Run the function below to generate an synthetic extracellular recording for a neuron. Make a nice plot with the trace; the spikes are the peaks appearing above the noise!

---

(_Optional_) If you want to make a plot with exact x coordinates in seconds, you should know that the trace is sampled at 10000 Hz (10000 points per second).

In [None]:
import numpy as np
import pandas as pd
from matplotlib import pyplot as plt

In [None]:
spike_trace = generate_spike_trace()
sampling_rate = 10000 #Hz

seconds = len(spike_trace)/sampling_rate  #Secondi di recoding

seconds_axisX = np.linspace(0,seconds, num = len(spike_trace))  #x axis
plt.plot(seconds_axisX, spike_trace, 'blue', linewidth = 0.2)

plt.xlabel('Time (s)')
plt.title('synthetic extracellular recording - single neuron')

### Exercise 0.1

Write a function to detect spikes!
The function should take the trace as input, and return the index of each spike as the output (as the index, you should take the position of the spike maximum)

Hint: a good strategy to detect such events is to set a threshold, and look for elements above it. This will not be enough! each spike could have more than 1 point above the threshold, but you want to make sure you take only the spike peak! For this, you will probably need a loop.

Hint: do not start from writing the function.
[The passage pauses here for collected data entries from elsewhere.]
lemma fps_power_nth_nonneg_Reals:
  fixes P :: "'a::real_algebra_1 fps"
  assumes "\<And>m. P $ m \<in> \<real>\<^sub>\<ge>\<^sub>0"
  shows "(P ^ i) $ n \<in> \<real>\<^sub>\<ge>\<^sub>0"
proof (induction i arbitrary: n)
  case 0
  then show ?case by simp
next
  case (Suc i)
  then show ?case
    using assms by (simp add: fps_mult_nth nonneg_Reals_sum)
qed

lemma norm_sum_nonneg_Reals:
  fixes f :: "'b \<Rightarrow> complex"
  assumes "\<And>i. i \<in> A \<Longrightarrow> f i \<in> \<real>\<^sub>\<ge>\<^sub>0"
  shows "norm (sum f A) = (\<Sum>i\<in>A. norm (f i))"
  using assms nonneg_Reals_sum[of A f] by (simp add: nonneg_Reals_cmod_eq_Re)

lemma norm_fps_compose_nth_le:
  fixes G P :: "complex fps"
  assumes "\<And>m. P $ m \<in> \<real>\<^sub>\<ge>\<^sub>0" "\<And>i. 0 < i \<Longrightarrow> norm (G $ i) \<le> W" "0 < n"
  shows "norm ((G oo P) $ n) \<le> W * norm ((\<Sum>i\<le>n. P ^ i) $ n)"
proof -
  have "norm ((G oo P) $ n) \<le> (\<Sum>i=0..n. norm (G $ i) * norm ((P ^ i) $ n))"
    unfolding fps_compose_nth by (rule order_trans[OF norm_sum]) (simp add: norm_mult)
  also have "\<dots> \<le> (\<Sum>i=0..n. W * norm ((P ^ i) $ n))"
  proof (intro sum_mono)
    fix i
    show "norm (G $ i) * norm ((P ^ i) $ n) \<le> W * norm ((P ^ i) $ n)"
      using assms(2,3) by (cases "i = 0") (auto intro: mult_right_mono)
  qed
  also have "\<dots> = W * norm ((\<Sum>i\<le>n. P ^ i) $ n)"
    using fps_power_nth_nonneg_Reals[OF assms(1)]
    by (simp add: fps_sum_nth norm_sum_nonneg_Reals sum_distrib_left atLeast0AtMost)
  finally show ?thesis .
qed

lemma taylor_coeff_zero [simp]: "taylor_coeff f 0 = f 0"
  by (simp add: taylor_coeff_def)

lemma taylor_coeff_eq_fps_nth:
  "f has_fps_expansion F \<Longrightarrow> taylor_coeff f n = F $ n"
  by (simp add: taylor_coeff_def fps_nth_fps_expansion)

section \<open>Wiener's inequality\<close>

definition root_unity :: "nat \<Rightarrow> nat \<Rightarrow> complex" where
  "root_unity k j = exp (2 * of_real pi * \<i> * of_nat j / of_nat k)"

lemma norm_root_unity [simp]: "norm (root_unity k j) = 1"
  by (simp add: root_unity_def)

lemma sum_root_unity_power:
  assumes "0 < k"
  shows "(\<Sum>j<k. root_unity k j ^ m) = (if k dvd m then of_nat k else 0)"
proof -
  define \<zeta> where "\<zeta> = root_unity k m"
  have power_eq: "root_unity k j ^ m = \<zeta> ^ j" for j
    unfolding \<zeta>_def root_unity_def exp_of_nat_mult[symmetric] by (simp add: field_simps)
  show ?thesis
  proof (cases "k dvd m")
    case True
    then have "\<zeta> = 1"
      using assms by (simp add: \<zeta>_def root_unity_def complex_root_unity_eq_1)
    then show ?thesis
      using True by (simp add: power_eq)
  next
    case False
    then have "\<zeta> \<noteq> 1"
      using assms by (simp add: \<zeta>_def root_unity_def complex_root_unity_eq_1)
    moreover have "\<zeta> ^ k = 1"
      using power_eq[of k] assms by (simp add: root_unity_def)
    ultimately show ?thesis
      using False by (simp add: power_eq geometric_sum)
  qed
qed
First debug your code running it in a cell, then move it to a function.

Hint: if you want, you can quickly check out the results you are getting by making a scatter plot of the detected spikes overimposed on the electrophysiology trace! (use as x of the dots the indexes of the spikes, and as y the hight of the trace at those indexes)

In [None]:

def peaks_buster(data):  # LP good name!  :)
  """ Function for finding peaks
      peaks = magnitude of the peak - y value
      idx_peaks = when that peaks happened - x value  """

  THR = 0.25 #threshold
  peaks = []
  idx_peaks = []

  past_point = 0 #

  for idx, value in enumerate(data):

    if idx == 0:
      past_point = 0
    else:
      past_point = data[idx-1]

    actual_point =  value       # datapoint preso in esame ora
    if idx < (len(data)-1):   # controllare che non siamo arrivati alla fine di data
      next_point = data[idx+1]
    else:
      next_point = 0            # ultimo datapoint

    if  (actual_point > THR) & (actual_point > next_point) & (actual_point > past_point) :  #controllare se supera THR ed è effettivamente più alto dei 2 punti vicini
      peaks.append(value)
      idx_peaks.append(idx)

  return peaks, idx_peaks



In [None]:
peaks, idx_peaks = peaks_buster(spike_trace)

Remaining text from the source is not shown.